For those who are skeptical that AI is a bubble, let's look at the possible paths from the current growth:
Scenario 1: Neither training nor inference costs go down significantly.
Current GenAI offerings are heavily subsidised by burning investor money, when that runs out the prices will go up. Only 8% of adults in the US would pay anything for AI in products, the percentage who would pay the unsubsidised cost is lower. And, as the costs go up, the number of people willing to pay goes down. The economies of scale start to erode.
End result: Complete crash.
Scenario 2: Inference costs remain high, training costs drop.
This one is largely dependent on AI companies successfully lobbying to make plagiarism legal as long as it's 'for AI'. They've been quite successful at that so far, so there's a reasonable chance of this.
In this scenario, none of the big AI companies has a moat. If training costs go down, the number of people who can afford to build foundation models goes up. This might be good for NVIDIA (you sell fewer chips per customer, to more customers, and hopefully it balances out). OpenAI and Anthropic have nothing of value, they start playing in a highly competitive market.
This scenario is why DeepSeek spooked the market. If you can train something like ChatGPT for $30M, there are hundreds of companies that can do it. If you can do it for $3m, there are hundreds of companies for which this would be a rounding error in their IT budgets.
Inference is still not at break even point, so costs go up, but for use cases where a 2X cost is worthwhile there's still profit.
End result: This is a moderately good case. There will be some economic turmoil because a few hundred billion have been invested in producing foundation models on the assumption that the models and the ability to create them constitutes a moat. But companies like Amazon, Microsoft and Google will still be able to sell inference services at a profit. None will have lock in to a model, so the prices will drop to close to the cost, though still higher than they are today. With everyone actually paying, there won't be such a rush to put AI in everything. The datacenter investment is not destroyed because there's still a market for inference. The growth will likely stall though and so I expect a lot of the speculative building will be wiped out. I'd expect this to push the USA into recession, but this is more the stock market catching up with the economic realities.
Scenario 3: Inference costs drop a lot, training costs remain high.
This is the one that a lot of folks are hoping for because it means on-device inference will replace cloud services. Unfortunately, most training is done by companies that expect to recoup that investment selling inference. This is roughly the same problem as COTS software: you do the expensive thing (writing software / training) for free and then hope to make it up charging for the thing that doesn't cost anything (copying software / inference).
We've seen that this is a precarious situation. It's easy for China to devote a load of state money to training a model and then give it away for the sole purpose of undermining the business model of a load of US companies (and this would be a good strategy for them).
Without a path to recouping their investment, the only people who can afford to train models have no incentive to do so.
End result: All of the equity sunk into building datacentres to sell inference is wasted. Probably close to a trillion dollars wiped off the stock market in the first instance. In the short term, a load of AI startups who are just wrapping OpenAI / Anthropic APIs suddenly become profitable, which may offset the losses.
But new model training becomes economically infeasible. Models become increasingly stale (in programming, they insist on using deprecated / removed language features and APIs instead of their replacements. In translation they miss modern idioms and slang. In summarisation they don't work on documents written in newer structures. In search, they don't know anything about recent events. And so on). After a few years, people start noticing that AI products are terrible, but none of the vendors can afford to make them good.
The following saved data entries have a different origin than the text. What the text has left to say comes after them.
(* Let $\mathcal{G}$ be a finite connected undirected simple graph with vertices $1,\dots,N$ and let $Z,Z'\in\mathbf{Z}^N$. Then $\Phi_h(K,\mathcal{G},Z)=\Phi_h(K,\mathcal{G},Z')$ for every integer $K\ge 2$ and every $K$-harmonic function $h$ on $\mathcal{G}$ if and only if there exists an integer vector $U\in\mathbf{Z}^N$ with $Z'=Z+\nabla^2 U$. Consequently a map $\eta:\mathbf{Z}^N\to\mathbf{Z}^N$ is isoinvariant if and only if for every $Z$ one has $\eta(Z)=Z+\nabla^2U$ for some $U\in\mathbf{Z}^N$ (depending on $Z$).
   Context: $d_i$ is the degree of vertex $i$; the Laplacian $\nabla^2$ is the $N\times N$ integer matrix with $\nabla^2_{ii}=d_i$, $\nabla^2_{ij}=-1$ if $i\sim j$ (adjacent), $0$ otherwise. $\mathbf{Z}_K=\{0,\dots,K-1\}$. A function $h:\{1,\dots,N\}\to\mathbf{Z}_K$ is $K$-harmonic if $(\nabla^2 h)(i)\equiv 0\pmod K$ for all $i$. For a configuration $Z=(z(1),\dots,z(N))\in\mathbf{Z}^N$, $\Phi_h(K,\mathcal{G},Z)=\left(\sum_i h(i)z(i)\right)\bmod K$. A map $\eta:\mathbf{Z}^N\to\mathbf{Z}^N$ is called isoinvariant if $\Phi_h(K,\mathcal{G},\eta(Z))=\Phi_h(K,\mathcal{G},Z)$ for all $Z$, all integers $K\ge2$ and all $K$-harmonic $h$. *)

theory Defs
  imports Main
begin

definition simple_graph :: "nat \<Rightarrow> (nat \<Rightarrow> nat \<Rightarrow> bool) \<Rightarrow> bool" where
  "simple_graph N E \<longleftrightarrow>
     (\<forall>i j. E i j \<longrightarrow> i \<in> {1..N} \<and> j \<in> {1..N}) \<and>
     (\<forall>i j. E i j \<longrightarrow> E j i) \<and> (\<forall>i. \<not> E i i)"

definition connected_graph :: "nat \<Rightarrow> (nat \<Rightarrow> nat \<Rightarrow> bool) \<Rightarrow> bool" where
  "connected_graph N E \<longleftrightarrow> (\<forall>i\<in>{1..N}. \<forall>j\<in>{1..N}. E\<^sup>*\<^sup>* i j)"

definition degree :: "nat \<Rightarrow> (nat \<Rightarrow> nat \<Rightarrow> bool) \<Rightarrow> nat \<Rightarrow> nat" where
  "degree N E i = card {j \<in> {1..N}. E i j}"

definition laplacian :: "nat \<Rightarrow> (nat \<Rightarrow> nat \<Rightarrow> bool) \<Rightarrow> (nat \<Rightarrow> int) \<Rightarrow> nat \<Rightarrow> int" where
  "laplacian N E U i = int (degree N E i) * U i - (\<Sum>j\<in>{j \<in> {1..N}. E i j}. U j)"

definition K_harmonic :: "nat \<Rightarrow> (nat \<Rightarrow> nat \<Rightarrow> bool) \<Rightarrow> int \<Rightarrow> (nat \<Rightarrow> int) \<Rightarrow> bool" where
  "K_harmonic N E K h \<longleftrightarrow>
     (\<forall>i\<in>{1..N}. 0 \<le> h i \<and> h i < K) \<and>
     (\<forall>i\<in>{1..N}. laplacian N E h i mod K = 0)"

definition Phi :: "nat \<Rightarrow> (nat \<Rightarrow> int) \<Rightarrow> int \<Rightarrow> (nat \<Rightarrow> int) \<Rightarrow> int" where
  "Phi N h K Z = (\<Sum>i=1..N. h i * Z i) mod K"

definition isoinvariant :: "nat \<Rightarrow> (nat \<Rightarrow> nat \<Rightarrow> bool) \<Rightarrow> ((nat \<Rightarrow> int) \<Rightarrow> (nat \<Rightarrow> int)) \<Rightarrow> bool" where
  "isoinvariant N E \<eta> \<longleftrightarrow>
     (\<forall>Z K h. K \<ge> 2 \<longrightarrow> K_harmonic N E K h \<longrightarrow> Phi N h K (\<eta> Z) = Phi N h K Z)"

end

theory Submission
  imports Defs "Jordan_Normal_Form.Determinant" "HOL-Number_Theory.Cong"
begin

text \<open>Symmetry of the Laplacian makes \<open>\<Phi>\<^sub>h\<close> invariant under \<open>Z \<mapsto> Z + \<nabla>\<^sup>2U\<close> whenever
\<open>\<nabla>\<^sup>2h \<equiv> 0 (mod K)\<close>. Conversely let \<open>d = Z' - Z\<close>. Testing \<open>h = 1\<close> with \<open>K = |\<Sigma>d| + 2\<close> gives
\<open>\<Sigma>d = 0\<close>. Deleting the last vertex leaves the reduced Laplacian \<open>L\<close>, which is nonsingular
by the maximum principle on a connected graph. With \<open>D = det L\<close>, every row of \<open>adj L\<close>,
extended by 0, is a function \<open>h\<close> with \<open>\<nabla>\<^sup>2h \<equiv> 0 (mod D)\<close>, so \<open>D\<close> divides \<open>(adj L) d\<close> and
\<open>U = (adj L) d / D\<close> solves \<open>\<nabla>\<^sup>2U = d\<close>; the last coordinate comes for free from \<open>\<Sigma>d = 0\<close>.\<close>

definition one_based_mat :: "nat \<Rightarrow> (nat \<Rightarrow> nat \<Rightarrow> 'a) \<Rightarrow> 'a mat" where
  "one_based_mat n a = mat n n (\<lambda>(i, j). a (Suc i) (Suc j))"
definition equator_hessian :: "nat \<Rightarrow> (nat \<Rightarrow> real) \<Rightarrow> (nat \<Rightarrow> real) \<Rightarrow> nat \<Rightarrow> nat \<Rightarrow> real" where
  "equator_hessian n m x k b =
    (if k < n \<and> b < n then
       (if k = b then - (\<Sum>j\<in>{j. j < n \<and> j \<noteq> k}. m k * m j * cotarc' (pair_cos n x k j) * pair_cos n x k j)
        else m k * m b * cotarc' (pair_cos n x k b))
     else if n \<le> k \<and> k < 2*n \<and> n \<le> b \<and> b < 2*n then
       (if k = b then
          (\<Sum>j\<in>{j. j < n \<and> j \<noteq> k - n}.
             2 * m (k - n) * m j * pair_cos n x (k - n) j * cotarc' (pair_cos n x (k - n) j))
        else - (2 * m (k - n) * m (b - n) * pair_cos n x (k - n) (b - n)
                  * cotarc' (pair_cos n x (k - n) (b - n))))
     else 0)"

lemma equator_hessian_commute: "equator_hessian n m x k b = equator_hessian n m x b k"
  unfolding equator_hessian_def by (auto simp: pair_cos_commute mult.commute mult.left_commute)

lemma hess_term_theta:
  assumes "on_equator n x" "i < j" "j < n" "k < n"
  shows "hess_term n m x i j k b = m i * m j * cotarc' (pair_cos n x i j) *
    (if k = b then - pair_cos n x i j * (of_bool (i = k) + of_bool (j = k))
     else of_bool (i = k) * of_bool (j = b) + of_bool (j = k) * of_bool (i = b))"
proof -
  have "pair_cos_grad n x i j k = 0"
    using assms by (simp add: pair_cos_grad_equator)
  moreover have "pair_cos_hess_equator n x i j k b =
    (if k = b then - pair_cos n x i j * (of_bool (i = k) + of_bool (j = k))
     else of_bool (i = k) * of_bool (j = b) + of_bool (j = k) * of_bool (i = b))"
    using assms by (auto simp: pair_cos_hess_equator_def)
  ultimately show ?thesis by (simp add: hess_term_def)
qed

lemma hess_term_phi:
  assumes "on_equator n x" "in_W_cos n x" "i < j" "j < n"
  shows "hess_term n m x i j (n + \<kappa>) b = 2 * m i * m j * pair_cos n x i j * cotarc' (pair_cos n x i j) *
    ((of_bool (n + i = b) - of_bool (n + j = b)) * (of_bool (i = \<kappa>) - of_bool (j = \<kappa>)))"
proof -
  define c where "c = pair_cos n x i j"
  define w :: real where "w = (of_bool (n + i = b) - of_bool (n + j = b)) * (of_bool (i = \<kappa>) - of_bool (j = \<kappa>))"
  have ij: "i < n" "j < n" using assms by auto
  have "\<bar>c\<bar> < 1" using assms by (auto simp: c_def in_W_cos_def pairs_def)
  define s where "s = sin (x (n + i) - x (n + j))"
  have "pair_cos_grad n x i j b * pair_cos_grad n x i j (n + \<kappa>) = s\<^sup>2 * w"
    unfolding pair_cos_grad_equator[OF ij assms(1)] w_def s_def[symmetric]
    by (simp add: power2_eq_square algebra_simps split del: split_of_bool)
  also have "s\<^sup>2 = 1 - c\<^sup>2"
    using pair_cos_equator[OF ij assms(1)] by (simp add: c_def s_def sin_squared_eq)
  finally have "cotarc'' c * pair_cos_grad n x i j b * pair_cos_grad n x i j (n + \<kappa>) = 3 * c * cotarc' c * w"
    using cotarc''_mult_one_minus_square[OF \<open>\<bar>c\<bar> < 1\<close>] by (simp add: mult.assoc)
  moreover have "pair_cos_hess_equator n x i j (n + \<kappa>) b = - c * w"
    using ij by (simp add: pair_cos_hess_equator_def c_def w_def algebra_simps)
  ultimately show ?thesis
    unfolding hess_term_def c_def[symmetric] w_def[symmetric] by (simp add: algebra_simps)
qed
lemma mpderiv_mpoly_eval:
  assumes "\<And>k. mpderiv r (\<sigma> k) = (if k = j then 1 else 0)"
  shows "mpderiv r (mpoly_eval mconst \<sigma> p) = mpoly_eval mconst \<sigma> (mpderiv j p)"
proof (induction p rule: mpoly_induct)
  case (var i)
  then show ?case
    using assms[of i]
    by (simp add: mpderiv_mvar mpoly_eval_mvar semiring_hom_mpoly_eval semiring_hom_mconst
      semiring_homD eq_commute)
next
  case (mult p q)
  then show ?case
    by (simp add: mpderiv_mult mpoly_eval_add mpoly_eval_mult semiring_hom_mconst)
qed (simp_all add: mpderiv_add mpoly_eval_add mpoly_eval_mconst semiring_hom_mconst)

definition zero_subst :: "nat set \<Rightarrow> nat \<Rightarrow> 'a::comm_semiring_1 mpoly" where
  "zero_subst S i = (if i \<in> S then 0 else mvar i)"

lemma monom_eval_zero_subst:
  "monom_eval (zero_subst S) \<alpha> =
     (if \<forall>i\<in>S. Poly_Mapping.lookup \<alpha> i = 0 then Poly_Mapping.single \<alpha> 1 else 0)"
proof (cases "\<forall>i\<in>S. Poly_Mapping.lookup \<alpha> i = 0")
  case True
  then show ?thesis
    unfolding monom_eval_def single_one_eq_prod_mvar
    by (auto simp: zero_subst_def in_keys_iff intro!: prod.cong)
next
  case False
  then obtain i where "i \<in> S" "Poly_Mapping.lookup \<alpha> i \<noteq> 0"
    by blast
  then show ?thesis
    unfolding monom_eval_def
    by (auto simp: zero_subst_def in_keys_iff zero_power intro!: prod_zero bexI[of _ i])
qed

lemma mset_zero_eq_mpoly_eval: "mset_zero S p = mpoly_eval mconst (zero_subst S) p"
  unfolding mset_zero_def mpoly_eval_def monom_eval_zero_subst
  by (intro sum.cong) (auto simp: single_eq_mconst_mult[symmetric])

lemma mset_zero_mconst [simp]: "mset_zero S (mconst c) = mconst c"
  by (simp add: mset_zero_eq_mpoly_eval mpoly_eval_mconst semiring_hom_mconst)

lemma mset_zero_mvar: "mset_zero S (mvar i) = zero_subst S i"
  by (simp add: mset_zero_eq_mpoly_eval mpoly_eval_mvar semiring_hom_mconst)

lemma semiring_hom_mset_zero: "semiring_hom (mset_zero S)"
  unfolding mset_zero_eq_mpoly_eval[abs_def]
  by (rule semiring_hom_mpoly_eval[OF semiring_hom_mconst])
(* Let $i\in\{1,\ldots,n\}$ and suppose that for every $j\in\{1,\ldots,i\}$ the implication $$\hat F(\mathbf{1}^j,\mathbf{X}_{j+1}^n,\mathbf{1}^j,\overline{\mathbf{X}}_{j+1}^n,\mathbf{Y})\Rightarrow \hat F(\mathbf{1}^{j-1}0,\mathbf{X}_{j+1}^n,\mathbf{1}^{j-1}1,\overline{\mathbf{X}}_{j+1}^n,\mathbf{Y})\vee \hat F(\mathbf{1}^{j-1}1,\mathbf{X}_{j+1}^n,\mathbf{1}^{j-1}0,\overline{\mathbf{X}}_{j+1}^n,\mathbf{Y})$$ is valid (for all values of $\mathbf{X}_{j+1}^n,\overline{\mathbf{X}}_{j+1}^n,\mathbf{Y}$). Then $\exists\mathbf{X}_1^i\,F(\mathbf{X},\mathbf{Y})\Leftrightarrow \hat F(\mathbf{1}^i,\mathbf{X}_{i+1}^n,\mathbf{1}^i,\neg\mathbf{X}_{i+1}^n,\mathbf{Y})$.
   Context: $\mathbf{X}=(x_1,\ldots,x_n)$ are outputs and $\mathbf{Y}=(y_1,\ldots,y_m)$ inputs; $\mathbf{X}_i^j=(x_i,\ldots,x_j)$. An NNF formula uses only $\wedge,\vee$ and negations applied to variables, represented as a DAG with $\wedge/\vee$ internal nodes and literal leaves. Given a fixed NNF DAG for $F(\mathbf{X},\mathbf{Y})$, $\hat F(\mathbf{X},\overline{\mathbf{X}},\mathbf{Y})$ is obtained by replacing each leaf $\neg x_i$ ($x_i\in\mathbf{X}$) by a fresh variable $\overline{x_i}$, $\overline{\mathbf{X}}=(\overline{x_1},\ldots,\overline{x_n})$. For bit-vectors $\mathbf{b},\mathbf{c}$ of length $j$, $\hat F(\mathbf{b},\mathbf{X}_{j+1}^n,\mathbf{c},\overline{\mathbf{X}}_{j+1}^n,\mathbf{Y})$ denotes $\hat F$ with $(x_1,\ldots,x_j):=\mathbf{b}$ and $(\overline{x_1},\ldots,\overline{x_j}):=\mathbf{c}$; writing $\neg\mathbf{X}_{j+1}^n$ in place of $\overline{\mathbf{X}}_{j+1}^n$ means $\overline{x_k}:=\neg x_k$ for $k>j$. $\mathbf{1}^{j-1}0$ is the length-$j$ vector with $j-1$ ones followed by a $0$ (similarly $\mathbf{1}^{j-1}1=\mathbf{1}^j$), and $\mathbf{1}^j$ the all-ones vector of length $j$. *)

theory Defs
  imports Main
begin

datatype var = XV nat | YV nat

(* NNF formulas: literal leaves (polarity True = positive, False = negated),
   internal conjunction / disjunction nodes of arbitrary fan-in.
   (The DAG of the paper is unfolded into a tree; semantics coincide.) *)
datatype nnf = Lit bool var | And "nnf list" | Or "nnf list"

fun xvars :: "nnf \<Rightarrow> nat set" where
  "xvars (Lit p (XV k)) = {k}"
| "xvars (Lit p (YV k)) = {}"
| "xvars (And fs) = (\<Union>f\<in>set fs. xvars f)"
| "xvars (Or fs) = (\<Union>f\<in>set fs. xvars f)"

definition wf_nnf :: "nat \<Rightarrow> nnf \<Rightarrow> bool" where
  "wf_nnf n F \<longleftrightarrow> xvars F \<subseteq> {1..n}"

fun eval :: "(nat \<Rightarrow> bool) \<Rightarrow> (nat \<Rightarrow> bool) \<Rightarrow> nnf \<Rightarrow> bool" where
  "eval x y (Lit p (XV k)) = (if p then x k else \<not> x k)"
| "eval x y (Lit p (YV k)) = (if p then y k else \<not> y k)"
| "eval x y (And fs) = (\<forall>f\<in>set fs. eval x y f)"
| "eval x y (Or fs) = (\<exists>f\<in>set fs. eval x y f)"

(* Semantics of \<hat>F(X, Xbar, Y): each leaf \<not>x_k is replaced by the fresh variable xbar_k *)
fun evalhat :: "(nat \<Rightarrow> bool) \<Rightarrow> (nat \<Rightarrow> bool) \<Rightarrow> (nat \<Rightarrow> bool) \<Rightarrow> nnf \<Rightarrow> bool" where
  "evalhat x xb y (Lit p (XV k)) = (if p then x k else xb k)"
| "evalhat x xb y (Lit p (YV k)) = (if p then y k else \<not> y k)"
| "evalhat x xb y (And fs) = (\<forall>f\<in>set fs. evalhat x xb y f)"
| "evalhat x xb y (Or fs) = (\<exists>f\<in>set fs. evalhat x xb y f)"

definition ones :: "nat \<Rightarrow> (nat \<Rightarrow> bool) \<Rightarrow> nat \<Rightarrow> bool" where
  "ones j x = (\<lambda>k. if k \<le> j then True else x k)"

definition ones_zero :: "nat \<Rightarrow> (nat \<Rightarrow> bool) \<Rightarrow> nat \<Rightarrow> bool" where
  "ones_zero j x = (\<lambda>k. if k < j then True else if k = j then False else x k)"

end

theory Submission
  imports Defs
begin

text \<open>Every model of \<open>F\<close> yields a model of \<open>\<hat>F\<close> with both prefixes set to
  \<open>1\<close>, because \<open>\<hat>F\<close> is monotone in all of its \<open>X\<close>- and \<open>\<overline>X\<close>-variables. Conversely,
  starting from \<open>\<hat>F(\<one>\<^sup>i, X, \<one>\<^sup>i, \<not>X, Y)\<close>, the hypothesis for \<open>j = i, i-1, \<dots>, 1\<close> lets us
  lower the pair \<open>(x\<^sub>j, \<overline>x\<^sub>j)\<close> from \<open>(1,1)\<close> to a consistent value \<open>(0,1)\<close> or \<open>(1,0)\<close>;
  after \<open>i\<close> steps \<open>\<overline>X = \<not>X\<close> everywhere, i.e. we hold a model of \<open>F\<close>.\<close>

definition hat_splits_at :: "nnf \<Rightarrow> nat \<Rightarrow> bool" where
  "hat_splits_at F j \<longleftrightarrow> (\<forall>x xb y.
     evalhat (ones j x) (ones j xb) y F \<longrightarrow>
       evalhat (ones_zero j x) (ones j xb) y F \<or> evalhat (ones j x) (ones_zero j xb) y F)"

lemma eval_eq_evalhat_neg: "eval x y F = evalhat x (\<lambda>k. \<not> x k) y F"
  by (induction x y F rule: eval.induct) auto

lemma evalhat_mono:
  "evalhat x xb y F \<Longrightarrow> (\<And>k. x k \<Longrightarrow> x' k) \<Longrightarrow> (\<And>k. xb k \<Longrightarrow> xb' k) \<Longrightarrow> evalhat x' xb' y F"
  by (induction x xb y F rule: evalhat.induct) (auto split: if_splits)

lemma evalhat_cong:
  "(\<And>k. k \<in> xvars F \<Longrightarrow> x k = x' k \<and> xb k = xb' k) \<Longrightarrow> evalhat x xb y F = evalhat x' xb' y F"
  by (induction x xb y F rule: evalhat.induct) auto

lemma evalhat_ones_0:
  assumes "wf_nnf n F"
  shows "evalhat (ones 0 x) (ones 0 xb) y F = evalhat x xb y F"
proof (rule evalhat_cong)
  fix k assume "k \<in> xvars F"
  with assms have "0 < k" by (auto simp: wf_nnf_def)
  then show "ones 0 x k = x k \<and> ones 0 xb k = xb k" by (simp add: ones_def)
qed

lemma ones_zero_eq_ones_upd: "0 < j \<Longrightarrow> ones_zero j x = ones (j - 1) (x(j := False))"
  by (auto simp: ones_zero_def ones_def fun_eq_iff)

lemma ones_eq_ones_upd: "0 < j \<Longrightarrow> ones j x = ones (j - 1) (x(j := True))"
  by (auto simp: ones_def fun_eq_iff)

text \<open>Only \<open>\<overline>x\<^sub>k = \<not>x\<^sub>k\<close> for \<open>k > j\<close> is visible through \<open>ones j\<close>, so setting \<open>x\<^sub>j := c\<close>
  keeps the complementary pattern intact one position lower.\<close>

lemma evalhat_ones_descend:
  assumes "0 < j" and "hat_splits_at F j"
    and "evalhat (ones j x) (ones j (\<lambda>k. \<not> x k)) y F"
  obtains c where "evalhat (ones (j - 1) (x(j := c))) (ones (j - 1) (\<lambda>k. \<not> (x(j := c)) k)) y F"
proof -
  have neg_upd: "(\<lambda>k. \<not> (x(j := c)) k) = (\<lambda>k. \<not> x k)(j := \<not> c)" for c
    by auto
  from assms have "evalhat (ones_zero j x) (ones j (\<lambda>k. \<not> x k)) y F
      \<or> evalhat (ones j x) (ones_zero j (\<lambda>k. \<not> x k)) y F"
    by (auto simp: hat_splits_at_def)
  then have "\<exists>c. evalhat (ones (j - 1) (x(j := c))) (ones (j - 1) ((\<lambda>k. \<not> x k)(j := \<not> c))) y F"
  proof
    assume "evalhat (ones_zero j x) (ones j (\<lambda>k. \<not> x k)) y F"
    then show ?thesis
      using \<open>0 < j\<close> by (intro exI[of _ False]) (simp add: ones_zero_eq_ones_upd ones_eq_ones_upd[of j "\<lambda>k. \<not> x k"])
  next
    assume "evalhat (ones j x) (ones_zero j (\<lambda>k. \<not> x k)) y F"
    then show ?thesis
      using \<open>0 < j\<close> by (intro exI[of _ True]) (simp add: ones_zero_eq_ones_upd[of j "\<lambda>k. \<not> x k"] ones_eq_ones_upd[of j x])
  qed
  then show thesis
    using that unfolding neg_upd by blast
qed

lemma evalhat_ones_descend_to:
  assumes "j \<le> i" and splits: "\<forall>j'\<in>{1..i}. hat_splits_at F j'"
    and "evalhat (ones i x) (ones i (\<lambda>k. \<not> x k)) y F"
  shows "\<exists>x'. (\<forall>k. i < k \<longrightarrow> x' k = x k) \<and> evalhat (ones j x') (ones j (\<lambda>k. \<not> x' k)) y F"
  using \<open>j \<le> i\<close>
proof (induction j rule: inc_induct)
  case base
  then show ?case using assms(3) by blast
next
  case (step j)
  then obtain x' where agree: "\<forall>k. i < k \<longrightarrow> x' k = x k"
    and hat: "evalhat (ones (Suc j) x') (ones (Suc j) (\<lambda>k. \<not> x' k)) y F"
    by blast
  from step.hyps splits have "hat_splits_at F (Suc j)" by auto
  from evalhat_ones_descend[OF _ this hat] obtain c
    where "evalhat (ones j (x'(Suc j := c))) (ones j (\<lambda>k. \<not> (x'(Suc j := c)) k)) y F"
    by auto
  moreover have "\<forall>k. i < k \<longrightarrow> (x'(Suc j := c)) k = x k"
    using agree step.hyps by auto
  ultimately show ?case by blast
qed

theorem theorem2:
  fixes F :: nnf and n i :: nat
  assumes wf: "wf_nnf n F"
    and i: "1 \<le> i" "i \<le> n"
    and hyp: "\<forall>j\<in>{1..i}. \<forall>x xb y.
       evalhat (ones j x) (ones j xb) y F \<longrightarrow>
         evalhat (ones_zero j x) (ones j xb) y F \<or> evalhat (ones j x) (ones_zero j xb) y F"
  shows "\<forall>x y. (\<exists>x'. (\<forall>k. i < k \<longrightarrow> x' k = x k) \<and> eval x' y F) \<longleftrightarrow>
                evalhat (ones i x) (ones i (\<lambda>k. \<not> x k)) y F"
proof (intro allI iffI)
  fix x y
  assume "\<exists>x'. (\<forall>k. i < k \<longrightarrow> x' k = x k) \<and> eval x' y F"
  then obtain x' where agree: "\<forall>k. i < k \<longrightarrow> x' k = x k" and "eval x' y F" by blast
  then have "evalhat x' (\<lambda>k. \<not> x' k) y F" by (simp add: eval_eq_evalhat_neg)
  then show "evalhat (ones i x) (ones i (\<lambda>k. \<not> x k)) y F"
    by (rule evalhat_mono) (use agree in \<open>auto simp: ones_def\<close>)
next
  fix x y
  assume "evalhat (ones i x) (ones i (\<lambda>k. \<not> x k)) y F"
  moreover have "\<forall>j\<in>{1..i}. hat_splits_at F j"
    using hyp by (simp add: hat_splits_at_def)
  ultimately show "\<exists>x'. (\<forall>k. i < k \<longrightarrow> x' k = x k) \<and> eval x' y F"
    using evalhat_ones_descend_to[of 0 i F x y]
    by (simp add: evalhat_ones_0[OF wf] eval_eq_evalhat_neg)
qed

end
RAG can slow this decline a bit, but at the expense of increasingly large contexts (which push up inference compute costs). This is probably a slow deflate scenario.
Scenario 4: Inference and training costs both drop a lot.
This one is quite interesting because it destroys the moat of the existing players and also wipes out the datacenter investments, but makes it easy for new players to arise.
If it's cheap to train a new model and to do the inference, then a load of SaaS things will train bespoke models and do their own inference. Open-source / cooperative groups will train their own models and be able to embed them in things.
End Result: Wipe out a couple of trillion from the stock market and most likely cause a depression, but end up with a proliferation of foundation models in scenarios where they're actually useful (and, if the costs are low enough, in a lot of places where they aren't). The most interesting thing about this scenario is that it's the worst for the economy, but the best outcome for the proliferation of the technology.
Variations:
Costs may come down a bit, but not much. This is quite similar to the no-change scenario.
Inference costs may come down but only on expensive hardware. For example, a $100,000 chip that can run inference for 10,000 users simultaneously, but which can't scale down to a $10 chip that can run the same workloads. This is interesting because it favours cloud vendors, but is otherwise somewhere between cheap and expensive inference costs.
Overall conclusion: There are some scenarios where the outcome for the technology is good, but the outcomes for the economy and the major players is almost always bad. And the cases that are best for widespread adoption for the technology are the ones that are worst for the economy. And that's pretty much the definition of a bubble: A lot of money invested in ways that will result in losing the money.